→ Task goal
Among the records below, which lines contain the string "convex"? Report them.

BEGIN Provided data

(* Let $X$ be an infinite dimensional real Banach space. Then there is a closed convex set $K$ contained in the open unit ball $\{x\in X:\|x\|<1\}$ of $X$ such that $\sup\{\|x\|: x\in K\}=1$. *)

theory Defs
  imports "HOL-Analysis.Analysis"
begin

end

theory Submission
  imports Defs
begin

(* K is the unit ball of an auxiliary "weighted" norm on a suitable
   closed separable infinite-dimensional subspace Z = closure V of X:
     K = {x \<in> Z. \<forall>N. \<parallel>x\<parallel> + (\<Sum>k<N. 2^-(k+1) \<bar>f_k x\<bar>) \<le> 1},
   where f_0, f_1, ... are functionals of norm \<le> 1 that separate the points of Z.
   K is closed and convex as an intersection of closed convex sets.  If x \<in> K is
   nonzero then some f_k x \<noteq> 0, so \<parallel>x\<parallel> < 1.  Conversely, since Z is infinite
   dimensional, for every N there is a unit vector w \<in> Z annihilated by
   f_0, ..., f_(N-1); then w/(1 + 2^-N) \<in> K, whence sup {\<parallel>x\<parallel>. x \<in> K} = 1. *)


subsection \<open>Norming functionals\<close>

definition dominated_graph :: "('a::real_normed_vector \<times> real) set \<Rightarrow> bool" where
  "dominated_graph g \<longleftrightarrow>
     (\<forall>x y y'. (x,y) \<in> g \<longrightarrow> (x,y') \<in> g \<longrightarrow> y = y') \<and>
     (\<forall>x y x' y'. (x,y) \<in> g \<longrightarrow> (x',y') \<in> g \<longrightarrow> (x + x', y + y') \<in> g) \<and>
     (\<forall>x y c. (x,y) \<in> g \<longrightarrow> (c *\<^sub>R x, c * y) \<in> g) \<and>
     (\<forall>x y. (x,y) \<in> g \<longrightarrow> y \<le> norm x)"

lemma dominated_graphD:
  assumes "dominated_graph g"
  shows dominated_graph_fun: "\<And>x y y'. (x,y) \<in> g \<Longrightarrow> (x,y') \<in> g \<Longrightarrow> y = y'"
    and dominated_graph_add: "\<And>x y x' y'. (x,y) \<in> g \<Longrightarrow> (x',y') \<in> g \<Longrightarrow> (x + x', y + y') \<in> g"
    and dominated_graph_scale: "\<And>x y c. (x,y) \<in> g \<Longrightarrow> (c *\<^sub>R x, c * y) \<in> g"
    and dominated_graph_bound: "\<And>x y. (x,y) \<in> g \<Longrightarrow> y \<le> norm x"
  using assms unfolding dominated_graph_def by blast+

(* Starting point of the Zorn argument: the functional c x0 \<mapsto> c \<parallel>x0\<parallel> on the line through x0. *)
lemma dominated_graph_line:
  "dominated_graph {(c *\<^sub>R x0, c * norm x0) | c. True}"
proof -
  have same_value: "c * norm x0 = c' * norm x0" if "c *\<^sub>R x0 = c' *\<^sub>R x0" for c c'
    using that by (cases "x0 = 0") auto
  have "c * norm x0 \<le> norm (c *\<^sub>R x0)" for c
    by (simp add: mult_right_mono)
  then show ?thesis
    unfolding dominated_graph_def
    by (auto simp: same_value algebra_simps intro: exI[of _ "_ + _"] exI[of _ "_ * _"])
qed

END Provided data
BEGIN Provided data

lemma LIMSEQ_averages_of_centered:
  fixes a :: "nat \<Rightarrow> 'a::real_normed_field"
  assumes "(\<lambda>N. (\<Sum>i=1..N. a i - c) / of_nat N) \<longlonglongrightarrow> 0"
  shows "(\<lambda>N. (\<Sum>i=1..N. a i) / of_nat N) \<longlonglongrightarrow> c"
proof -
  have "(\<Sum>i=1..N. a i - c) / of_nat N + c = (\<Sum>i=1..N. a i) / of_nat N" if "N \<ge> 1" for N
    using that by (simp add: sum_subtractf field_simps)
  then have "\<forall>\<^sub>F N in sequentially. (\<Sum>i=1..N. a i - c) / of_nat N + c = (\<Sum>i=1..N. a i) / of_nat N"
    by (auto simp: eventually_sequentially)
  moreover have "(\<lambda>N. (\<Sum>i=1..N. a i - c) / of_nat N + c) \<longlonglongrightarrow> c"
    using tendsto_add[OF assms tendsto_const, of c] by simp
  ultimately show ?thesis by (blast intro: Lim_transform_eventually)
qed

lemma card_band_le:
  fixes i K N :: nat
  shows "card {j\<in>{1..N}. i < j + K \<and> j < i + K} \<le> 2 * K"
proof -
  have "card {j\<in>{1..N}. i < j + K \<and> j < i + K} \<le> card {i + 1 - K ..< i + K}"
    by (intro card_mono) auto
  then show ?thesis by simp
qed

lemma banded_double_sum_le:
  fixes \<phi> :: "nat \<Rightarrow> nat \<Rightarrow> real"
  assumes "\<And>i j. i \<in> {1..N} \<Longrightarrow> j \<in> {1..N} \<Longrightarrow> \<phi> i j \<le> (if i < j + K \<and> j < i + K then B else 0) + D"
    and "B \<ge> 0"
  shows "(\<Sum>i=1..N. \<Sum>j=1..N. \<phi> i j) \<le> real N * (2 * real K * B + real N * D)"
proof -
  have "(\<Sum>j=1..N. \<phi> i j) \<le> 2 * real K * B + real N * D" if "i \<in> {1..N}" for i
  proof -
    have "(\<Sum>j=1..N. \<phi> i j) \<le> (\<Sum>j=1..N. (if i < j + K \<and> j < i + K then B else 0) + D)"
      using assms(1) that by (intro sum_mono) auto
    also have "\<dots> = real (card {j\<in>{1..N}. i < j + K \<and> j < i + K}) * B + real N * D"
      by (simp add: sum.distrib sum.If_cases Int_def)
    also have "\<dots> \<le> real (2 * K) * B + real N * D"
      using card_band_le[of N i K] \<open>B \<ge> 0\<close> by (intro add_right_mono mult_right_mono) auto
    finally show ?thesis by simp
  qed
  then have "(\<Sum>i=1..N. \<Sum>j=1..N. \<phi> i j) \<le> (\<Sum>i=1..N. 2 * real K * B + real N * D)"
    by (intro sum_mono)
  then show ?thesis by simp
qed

END Provided data

→ Answer box
(* Let $X$ be an infinite dimensional real Banach space. Then there is a closed convex set $K$ contained in the open unit ball $\{x\in X:\|x\|<1\}$ of $X$ such that $\sup\{\|x\|: x\in K\}=1$. *)
   K is closed and convex as an intersection of closed convex sets.  If x \<in> K is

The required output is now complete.